Exercise directions:
How many of the lines below have "star" in them? Say the number and nothing more.

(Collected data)
locale left_complemented_presentation =
  fixes A :: "'a set" and s t :: "'a \<Rightarrow> 'v" and R :: "('a list \<times> 'a list) set"
  assumes R_paths: "relations_on_paths A s t R"
    and i_form: "\<forall>(p, q) \<in> R. \<exists>a v b w. a \<in> A \<and> v \<in> A \<and> b \<in> A \<and> w \<in> A \<and> p = [a, v] \<and> q = [b, w]"
    and i_unique: "\<forall>p r1 r2. r1 \<in> R \<longrightarrow> r2 \<in> R \<longrightarrow> p \<in> {fst r1, snd r1} \<longrightarrow> p \<in> {fst r2, snd r2}
                     \<longrightarrow> r1 = r2 \<or> r1 = prod.swap r2"
    and ii: "\<forall>a \<in> A. \<forall>b \<in> A. a \<noteq> b \<and> s a = s b \<longrightarrow> (\<exists>!vw. rel R [a, fst vw] [b, snd vw])"
    and iii: "\<forall>a \<in> A. \<exists>!z. zpred A s t R a z"
begin

abbreviation star_R (infixl "\<star>" 70) where "a \<star> b \<equiv> star R a b"
abbreviation star'_R (infixl "\<star>''" 70) where "a \<star>' b \<equiv> star' A s t R a b"
abbreviation \<zeta> where "\<zeta> \<equiv> zeta A s t R"
abbreviation \<sigma> where "\<sigma> \<equiv> sigma A s t R"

Solution:
2